What is procurement's role in building the UK's 'greenest ever road'?

Will Green is news editor of Supply Management
30 September 2022

The procurement team on the UK Lower Thames Crossing project is breaking new ground with ways to cut carbon.

Katharina Ferguson, procurement programme director on the scheme, told Supply Management they had an ambition that “people will look back on at the programme and say, ‘Wow, they really did make a difference’”.

The project will see a new tunnel beneath the Thames and associated roads east of London to relieve pressure on the overloaded Dartford Crossing, a vital freight route between Essex and Kent, with a target completion date in 2029-30.

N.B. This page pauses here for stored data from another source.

lemma abs_lcoef2_le:
  assumes "0 \<le> g" "g \<le> 1"
  shows "\<bar>lcoef2 g m\<bar> \<le> 9/4"
proof -
  have "\<bar>\<Sum>k=0..m. (1/3) ^ k * gcoef g k * gcoef g (m - k)\<bar> \<le> (\<Sum>k=0..m. (1/3::real) ^ k)"
  proof (rule order_trans[OF sum_abs sum_mono])
    fix k
    have "\<bar>gcoef g k\<bar> * \<bar>gcoef g (m - k)\<bar> \<le> 1 * 1"
      using abs_gcoef_le_1[OF assms] by (intro mult_mono) auto
    then show "\<bar>(1/3) ^ k * gcoef g k * gcoef g (m - k)\<bar> \<le> (1/3::real) ^ k"
      by (simp add: abs_mult mult.assoc mult_left_le)
  qed
  also have "\<dots> = (1 - (1/3)^Suc m) / (1 - 1/3)"
    using sum_gp_strict[of "1/3::real" "Suc m"] by (simp add: atLeast0AtMost lessThan_Suc_atMost)
  also have "\<dots> \<le> 3/2" by simp
  finally have "\<bar>\<Sum>k=0..m. (1/3) ^ k * gcoef g k * gcoef g (m - k)\<bar> \<le> 3/2" .
  moreover have "(3/2::real) powr g \<le> 3/2"
    using powr_mono[of g 1 "3/2::real"] assms by simp
  ultimately have "(3/2) powr g * \<bar>\<Sum>k=0..m. (1/3) ^ k * gcoef g k * gcoef g (m - k)\<bar> \<le> 3/2 * (3/2)"
    by (intro mult_mono) auto
  then show ?thesis by (simp add: lcoef2_def abs_mult)
qed

lemma of_real_gbinomial: "(of_real a gchoose n :: 'a :: real_field) = of_real (a gchoose n)"
  by (simp add: gbinomial_prod_rev of_real_prod)

lemma gcoef_sums:
  fixes z :: complex
  assumes "norm z < 1"
  shows "(\<lambda>k. of_real (gcoef g k) * z ^ k) sums ((1 - z) powr of_real g)"
proof -
  have "of_real (gcoef g k) * z ^ k = (of_real g gchoose k) * (- z) ^ k" for k
    unfolding gcoef_def of_real_mult of_real_gbinomial power_minus[of z] of_real_power
      of_real_minus of_real_1
    by (simp only: mult_ac)
  then show ?thesis using gen_binomial_complex[of "- z" "of_real g"] assms by simp
qed

text \<open>The Cauchy product of the binomial series of \<open>(1 - z/3)^g\<close> and \<open>(1 - z)^g\<close>.\<close>

lemma lcoef2_sums:
  fixes z :: complex
  assumes "norm z < 1" "0 \<le> g" "g \<le> 1"
  shows "(\<lambda>k. of_real (lcoef2 g k) * z ^ k) sums
           (of_real ((3/2) powr g) * ((1 - z/3) powr of_real g * (1 - z) powr of_real g))"
proof -
  define A where "A = (\<lambda>i. of_real (gcoef g i) * z ^ i)"
  define B where "B = (\<lambda>i. of_real ((1/3) ^ i * gcoef g i) * z ^ i)"
  have "norm (z/3) < 1" using assms(1) by (simp add: norm_divide)
  have B_eq: "B = (\<lambda>i. of_real (gcoef g i) * (z/3) ^ i)"
    by (auto simp: B_def power_divide)
  have summable_bound: "summable (\<lambda>k. norm (of_real (gcoef g k) * w ^ k))" if "norm w < 1" for w :: complex
  proof (rule summable_comparison_test)
    show "\<exists>N. \<forall>n\<ge>N. norm (norm (of_real (gcoef g n) * w ^ n)) \<le> norm w ^ n"
      using abs_gcoef_le_1[OF assms(2,3)]
      by (auto simp: norm_mult norm_power intro!: mult_left_le_one_le)
    show "summable (\<lambda>n. norm w ^ n)" using that by simp
  qed
  have "(\<lambda>k. \<Sum>i\<le>k. B i * A (k - i)) sums (suminf B * suminf A)"
    using summable_bound[OF \<open>norm (z/3) < 1\<close>] summable_bound[OF assms(1)]
    unfolding A_def B_eq by (rule Cauchy_product_sums)
  moreover have "suminf B * suminf A = (1 - z/3) powr of_real g * (1 - z) powr of_real g"
    using gcoef_sums[OF assms(1)] gcoef_sums[OF \<open>norm (z/3) < 1\<close>]
    by (simp add: sums_iff A_def B_eq)
  moreover have "(\<Sum>i\<le>k. B i * A (k - i)) =
      of_real (\<Sum>i=0..k. (1/3) ^ i * gcoef g i * gcoef g (k - i)) * z ^ k" for k
  proof -
    have "B i * A (k - i) = of_real ((1/3) ^ i * gcoef g i * gcoef g (k - i)) * z ^ k" if "i \<le> k" for i
      using that by (simp add: A_def B_def mult_ac power_add[symmetric])
    then show ?thesis by (simp add: sum_distrib_right atLeast0AtMost)
  qed
  ultimately have "(\<lambda>k. of_real (\<Sum>i=0..k. (1/3) ^ i * gcoef g i * gcoef g (k - i)) * z ^ k)
      sums ((1 - z/3) powr of_real g * (1 - z) powr of_real g)" by simp
  from sums_mult[OF this, of "of_real ((3/2) powr g)"] show ?thesis
    by (simp add: lcoef2_def mult_ac)
qed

It is described as the most ambitious roads project since the M25 was completed 35 years ago and aims to be the “greenest road ever built in the UK”.

The 40-strong procurement team is currently in the process of evaluating bids for each of the three main contracts, ranging in value from £600m to £2.3bn, which cover Kent roads, tunnels, and roads north.

In a first for a major infrastructure project a carbon model has been developed that breaks down the design based on CO2 emissions, in a similar way to a bill of quantities. This was presented to potential bidders for review and feedback.

Alongside this a carbon baseline has been set which is 30% below normal emissions on a construction project, which bidders must meet and ideally better.

Ferguson said it was “all about the quality of their solution”.

“So, what are you going to do now but also what are you going to do in three or 10 years’ time in order to meet ongoing carbon reduction?” she said.

“What we want is the best team who are investing the most in innovation, research and science and getting the right people to make it their company’s business to worry about carbon, so that long term have a partner that can deliver the absolute lowest carbon possible in the programme.

“We have an incentivisation mechanism where we will provide additional funding for any carbon ideas that could further reduce emissions.”

She told SM the response from bidders had been “incredibly positive”.

“It’s really interesting to see how they’ve approached it and stepped up. It’s almost like they want to be part of the journey.

“We’ve got the willingness, we’ve got the contractual mechanism, we’re procuring it. And you know, we now just need to get the right delivery partners on board.”

Ferguson said steel, cement, asphalt and diesel accounted for around three-quarters of the project’s carbon emissions. She said they were looking towards hydrogen, low-carbon steel, and different cement mixes to reduce emissions, but getting the design right and cutting waste were critical areas.

Social value is central to the project, making up 26% of the total score in tender evaluations.

This includes environment and carbon, local supply chain and SMEs, skills, education, employment, and impact on local communities.

“What do you want to achieve and what legacy do you want to leave?” Ferguson said. “And particularly on these massive infrastructure programmes, that's just so essential because it’s public money, it impacts so many people. So if we can’t leave a good legacy at the end of it, we haven’t done our job properly.”